YOUR TASK »
Only what runs from the line with "then obtain k" to the final line of the records below should be given again, word for word.

#### EXTRACTED ENTRIES

(* Let $G=(V,E)$ be a finite simple undirected graph of maximum degree at most $\Delta$, let $M$ be computed by a run of \textsc{MinGreedy} on $G$, and let $M^*$ be a maximum matching such that each component of $(V,M\cup M^* )$ with an edge is a singleton or an $M$-$M^*$-path. Let $\{u,v\}\in M$. If $\{u,v\}$ is a singleton, then $u$ and $v$ together are the source of at most $2(\Delta-1)$ transfers. If $\{u,v\}$ is an edge of an $M$-$M^*$-path, then $u$ and $v$ together are the source of at most $2(\Delta-2)$ transfers.
   Context: \textsc{MinGreedy}: starting with $M=\emptyset$, repeatedly select an arbitrary node $u$ of minimum non-zero current degree and an arbitrary neighbor $v$ of $u$, add $\{u,v\}$ to $M$ and remove all edges incident with $u$ or $v$ from the current graph. A singleton is an edge of $M\cap M^*$ forming a component of $(V,M\cup M^* )$. An $M$-$M^*$-path is a component of $(V,M\cup M^* )$ that is an alternating path starting and ending with an $M^*$-edge, with $m\geq1$ edges of $M$ and $m+1$ edges of $M^*$; its endpoints are its two $M$-uncovered end nodes. Let $F=E\setminus(M\cup M^* )$. For an endpoint $w$ of an $M$-$M^*$-path, an edge $\{v,w\}\in F$ is a transfer from $v$ to $w$ if, in the step of the algorithm in which $v$ is matched, the current degree of $w$ drops to at most $1$ (i.e. after that step $w$ has current degree at most $1$). *)

theory Defs
  imports Main
begin

definition simple_graph :: "'a set \<Rightarrow> 'a set set \<Rightarrow> bool" where
  "simple_graph V E \<longleftrightarrow> finite V \<and> (\<forall>e\<in>E. \<exists>x y. e = {x, y} \<and> x \<noteq> y \<and> x \<in> V \<and> y \<in> V)"

definition deg :: "'a set set \<Rightarrow> 'a \<Rightarrow> nat" where
  "deg F x = card {e \<in> F. x \<in> e}"

definition matching :: "'a set set \<Rightarrow> 'a set set \<Rightarrow> bool" where
  "matching E M \<longleftrightarrow> M \<subseteq> E \<and> (\<forall>e\<in>M. \<forall>e'\<in>M. e \<noteq> e' \<longrightarrow> e \<inter> e' = {})"

definition maximum_matching :: "'a set set \<Rightarrow> 'a set set \<Rightarrow> bool" where
  "maximum_matching E M \<longleftrightarrow> matching E M \<and> (\<forall>M'. matching E M' \<longrightarrow> card M' \<le> card M)"

text \<open>A run of MinGreedy is recorded as the list of chosen pairs (u,v), u first.
  cur E steps i is the current edge set before step i (after i steps).\<close>
definition cur :: "'a set set \<Rightarrow> ('a \<times> 'a) list \<Rightarrow> nat \<Rightarrow> 'a set set" where
  "cur E steps i = {e \<in> E. \<forall>j<i. fst (steps ! j) \<notin> e \<and> snd (steps ! j) \<notin> e}"

definition mingreedy_run :: "'a set set \<Rightarrow> ('a \<times> 'a) list \<Rightarrow> bool" where
  "mingreedy_run E steps \<longleftrightarrow>
     (\<forall>i<length steps.
        {fst (steps ! i), snd (steps ! i)} \<in> cur E steps i \<and>
        (\<forall>x. deg (cur E steps i) x > 0 \<longrightarrow> deg (cur E steps i) (fst (steps ! i)) \<le> deg (cur E steps i) x))
     \<and> cur E steps (length steps) = {}"

definition matching_of :: "('a \<times> 'a) list \<Rightarrow> 'a set set" where
  "matching_of steps = {{u, v} | u v. (u, v) \<in> set steps}"

definition path_edges :: "'a list \<Rightarrow> 'a set set" where
  "path_edges xs = {{xs ! i, xs ! Suc i} | i. Suc i < length xs}"

definition singleton_comp :: "'a set set \<Rightarrow> 'a set set \<Rightarrow> 'a set \<Rightarrow> bool" where
  "singleton_comp M Ms e \<longleftrightarrow> e \<in> M \<inter> Ms \<and> (\<forall>e'\<in>M \<union> Ms. e' \<inter> e \<noteq> {} \<longrightarrow> e' = e)"

definition mm_path :: "'a set set \<Rightarrow> 'a set set \<Rightarrow> 'a list \<Rightarrow> bool" where
  "mm_path M Ms xs \<longleftrightarrow> distinct xs \<and> even (length xs) \<and> length xs \<ge> 4 \<and>
     (\<forall>i. Suc i < length xs \<longrightarrow>
        (if even i then {xs ! i, xs ! Suc i} \<in> Ms else {xs ! i, xs ! Suc i} \<in> M)) \<and>
     (\<forall>e\<in>M \<union> Ms. e \<inter> set xs \<noteq> {} \<longrightarrow> e \<in> path_edges xs)"

definition path_endpoint :: "'a set set \<Rightarrow> 'a set set \<Rightarrow> 'a \<Rightarrow> bool" where
  "path_endpoint M Ms w \<longleftrightarrow> (\<exists>xs. mm_path M Ms xs \<and> (w = hd xs \<or> w = last xs))"

definition transfer :: "'a set set \<Rightarrow> ('a \<times> 'a) list \<Rightarrow> 'a set set \<Rightarrow> 'a \<Rightarrow> 'a \<Rightarrow> bool" where
  "transfer E steps Ms x w \<longleftrightarrow>
     {x, w} \<in> E - (matching_of steps \<union> Ms) \<and> path_endpoint (matching_of steps) Ms w \<and>
     (\<exists>i<length steps. (x = fst (steps ! i) \<or> x = snd (steps ! i)) \<and>
        deg (cur E steps (Suc i)) w \<le> 1)"

end

theory Submission
  imports Defs
begin

text \<open>Only degree counting is needed: a transfer from x uses an edge at x outside
  M \<union> M*, so x is the source of at most deg x - k transfers when k edges of M \<union> M* meet x.
  Both ends of an M-edge lie on that edge (k = 1); both ends of an M-edge of an M-M*-path
  also lie on a further M*-edge of the path (k = 2), because an M-edge can only sit at an
  odd position of the path.\<close>

lemma finite_neighbours:
  assumes "finite F"
  shows "finite {w. {x, w} \<in> F}"
proof -
  have "inj_on (\<lambda>w. {x, w}) {w. {x, w} \<in> F}"
    by (rule inj_onI) (auto simp: doubleton_eq_iff)
  moreover have "(\<lambda>w. {x, w}) ` {w. {x, w} \<in> F} \<subseteq> F" by auto
  ultimately show ?thesis using assms finite_imageD finite_subset by metis
qed

lemma card_neighbours_outside:
  assumes "finite E"
  shows "card {w. {x, w} \<in> E - A} + card {e \<in> E \<inter> A. x \<in> e} \<le> deg E x"
proof -
  let ?N = "{w. {x, w} \<in> E - A}"
  have inj: "inj_on (\<lambda>w. {x, w}) ?N"
    by (rule inj_onI) (auto simp: doubleton_eq_iff)
  have "card ?N = card ((\<lambda>w. {x, w}) ` ?N)" using card_image[OF inj] by simp
  also have "\<dots> \<le> card {e \<in> E - A. x \<in> e}"
    by (rule card_mono) (use assms in auto)
  finally have "card ?N + card {e \<in> E \<inter> A. x \<in> e}
      \<le> card ({e \<in> E - A. x \<in> e} \<union> {e \<in> E \<inter> A. x \<in> e})"
    using assms by (subst card_Un_disjoint) auto
  also have "{e \<in> E - A. x \<in> e} \<union> {e \<in> E \<inter> A. x \<in> e} = {e \<in> E. x \<in> e}" by blast
  finally show ?thesis unfolding deg_def .
qed

lemma simple_graph_edges_subset_Pow:
  assumes "simple_graph V E"
  shows "E \<subseteq> Pow V"
proof
  fix e assume "e \<in> E"
  then obtain x y where "e = {x, y}" "x \<in> V" "y \<in> V"
    using assms unfolding simple_graph_def by blast
  thus "e \<in> Pow V" by simp
qed

lemma simple_graph_finite_edges:
  assumes "simple_graph V E"
  shows "finite E"
  using simple_graph_edges_subset_Pow[OF assms] assms
  unfolding simple_graph_def by (simp add: finite_subset)

lemma simple_graph_edge_vertices:
  assumes "simple_graph V E" "{u, v} \<in> E"
  shows "u \<in> V" "v \<in> V"
  using simple_graph_edges_subset_Pow[OF assms(1)] assms(2) by auto

lemma mingreedy_run_matching:
  assumes "mingreedy_run E steps"
  shows "matching E (matching_of steps)"
proof -
  let ?e = "\<lambda>i. {fst (steps ! i), snd (steps ! i)}"
  have chosen: "?e i \<in> cur E steps i" if "i < length steps" for i
    using assms that unfolding mingreedy_run_def by blast
  have disjoint: "?e i \<inter> ?e k = {}" if "i \<noteq> k" "i < length steps" "k < length steps" for i k
  proof -
    have "?e i \<inter> ?e k = {}" if "i < k" "k < length steps" for i k
      using chosen[of k] that unfolding cur_def by auto
    with that show ?thesis by (metis Int_commute linorder_neqE_nat)
  qed
  have range: "matching_of steps = ?e ` {..<length steps}"
    unfolding matching_of_def by (force simp: in_set_conv_nth)
  show ?thesis
    unfolding matching_def
  proof (intro conjI ballI impI)
    show "matching_of steps \<subseteq> E"
      using chosen unfolding range cur_def by auto
    fix e e' assume "e \<in> matching_of steps" "e' \<in> matching_of steps" "e \<noteq> e'"
    then obtain i k where ik: "i < length steps" "k < length steps" "e = ?e i" "e' = ?e k"
      unfolding range by auto
    with \<open>e \<noteq> e'\<close> have "i \<noteq> k" by auto
    with ik disjoint show "e \<inter> e' = {}" by simp
  qed
qed

lemma consecutive_edges_meet:
  assumes "distinct xs" "Suc (Suc k) < length xs"
  shows "{xs ! k, xs ! Suc k} \<inter> {xs ! Suc k, xs ! Suc (Suc k)} \<noteq> {}"
    and "{xs ! k, xs ! Suc k} \<noteq> {xs ! Suc k, xs ! Suc (Suc k)}"
proof -
  have "xs ! k \<noteq> xs ! Suc (Suc k)" "xs ! Suc k \<noteq> xs ! Suc (Suc k)"
    using assms by (simp_all add: nth_eq_iff_index_eq)
  thus "{xs ! k, xs ! Suc k} \<noteq> {xs ! Suc k, xs ! Suc (Suc k)}"
    by (auto simp: doubleton_eq_iff)
qed auto

lemma matching_disjoint:
  assumes "matching E M" "e \<in> M" "e' \<in> M" "e \<noteq> e'"
  shows "e \<inter> e' = {}"
  using assms unfolding matching_def by blast

lemma mm_path_edge_in_M:
  assumes "mm_path M Ms xs" "Suc i < length xs" "odd i"
  shows "{xs ! i, xs ! Suc i} \<in> M"
  using assms unfolding mm_path_def by (metis (no_types, lifting))

lemma mm_path_edge_in_Ms:
  assumes "mm_path M Ms xs" "Suc i < length xs" "even i"
  shows "{xs ! i, xs ! Suc i} \<in> Ms"
  using assms unfolding mm_path_def by (metis (no_types, lifting))

lemma mm_path_matching_edge_odd:
  assumes "mm_path M Ms xs" "matching E M"
    and "Suc j < length xs" "{xs ! j, xs ! Suc j} \<in> M"
  shows "odd j"
proof
  assume "even j"
  have len: "length xs \<ge> 4" using assms(1) unfolding mm_path_def by simp
  \<comment> \<open>the M-edge at an even index would meet a neighbouring M-edge of the path\<close>
  obtain k where k: "Suc (Suc k) < length xs"
    "{xs ! k, xs ! Suc k} \<in> M" "{xs ! Suc k, xs ! Suc (Suc k)} \<in> M"
  proof (cases j)
    case 0
    with len assms(4) mm_path_edge_in_M[OF assms(1), of 1] that[of 0]
    show ?thesis by (simp add: numeral_eq_Suc)
  next
    case (Suc k)
    with \<open>even j\<close> assms(3,4) mm_path_edge_in_M[OF assms(1), of k] that[of k]
    show ?thesis by simp
  qed
  have "distinct xs" using assms(1) unfolding mm_path_def by simp
  from consecutive_edges_meet[OF this k(1)] matching_disjoint[OF assms(2) k(2,3)]
  show False by blast
qed

lemma mm_path_matching_edge_flanked:
  assumes "mm_path M Ms xs" "matching E M"
    and "{u, v} \<in> M" "{u, v} \<in> path_edges xs" "x \<in> {u, v}"
  shows "\<exists>e\<in>Ms. x \<in> e \<and> e \<noteq> {u, v}"
proof -
  obtain j where j: "{u, v} = {xs ! j, xs ! Suc j}" "Suc j < length xs"
    using assms(4) unfolding path_edges_def by blast
  have "odd j" using mm_path_matching_edge_odd[OF assms(1,2) j(2)] assms(3) j(1) by simp
  then obtain k where k: "j = Suc k" "even k" by (cases j) auto
  have dist: "distinct xs" and "even (length xs)" using assms(1) unfolding mm_path_def by simp_all
  with \<open>odd j\<close> have "Suc (Suc j) \<noteq> length xs" by (metis even_Suc)
  with j(2) have len: "Suc (Suc j) < length xs" by (rule Suc_lessI)
  have "x = xs ! j \<or> x = xs ! Suc j" using assms(5) j(1) by blast
  then show ?thesis
  proof
    assume x: "x = xs ! j"
    have "{xs ! k, xs ! j} \<in> Ms"
      using mm_path_edge_in_Ms[OF assms(1), of k] k j(2) by simp
    moreover have "{xs ! k, xs ! j} \<noteq> {u, v}"
      using consecutive_edges_meet(2)[OF dist, of k] j k len by simp
    ultimately show ?thesis using x by (metis insertCI)
  next
    assume x: "x = xs ! Suc j"
    have "{xs ! Suc j, xs ! Suc (Suc j)} \<in> Ms"
      using mm_path_edge_in_Ms[OF assms(1) len] \<open>odd j\<close> by simp
    moreover have "{xs ! Suc j, xs ! Suc (Suc j)} \<noteq> {u, v}"
      using consecutive_edges_meet(2)[OF dist len] j(1) by simp
    ultimately show ?thesis using x by (metis insertCI)
  qed
qed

########

RESULT OF THE TASK »
  then obtain k where k: "j = Suc k" "even k" by (cases j) auto
  have dist: "distinct xs" and "even (length xs)" using assms(1) unfolding mm_path_def by simp_all
  with \<open>odd j\<close> have "Suc (Suc j) \<noteq> length xs" by (metis even_Suc)
  with j(2) have len: "Suc (Suc j) < length xs" by (rule Suc_lessI)
  have "x = xs ! j \<or> x = xs ! Suc j" using assms(5) j(1) by blast
  then show ?thesis
  proof
    assume x: "x = xs ! j"
    have "{xs ! k, xs ! j} \<in> Ms"
      using mm_path_edge_in_Ms[OF assms(1), of k] k j(2) by simp
    moreover have "{xs ! k, xs ! j} \<noteq> {u, v}"
      using consecutive_edges_meet(2)[OF dist, of k] j k len by simp
    ultimately show ?thesis using x by (metis insertCI)
  next
    assume x: "x = xs ! Suc j"
    have "{xs ! Suc j, xs ! Suc (Suc j)} \<in> Ms"
      using mm_path_edge_in_Ms[OF assms(1) len] \<open>odd j\<close> by simp
    moreover have "{xs ! Suc j, xs ! Suc (Suc j)} \<noteq> {u, v}"
      using consecutive_edges_meet(2)[OF dist len] j(1) by simp
    ultimately show ?thesis using x by (metis insertCI)
  qed
qed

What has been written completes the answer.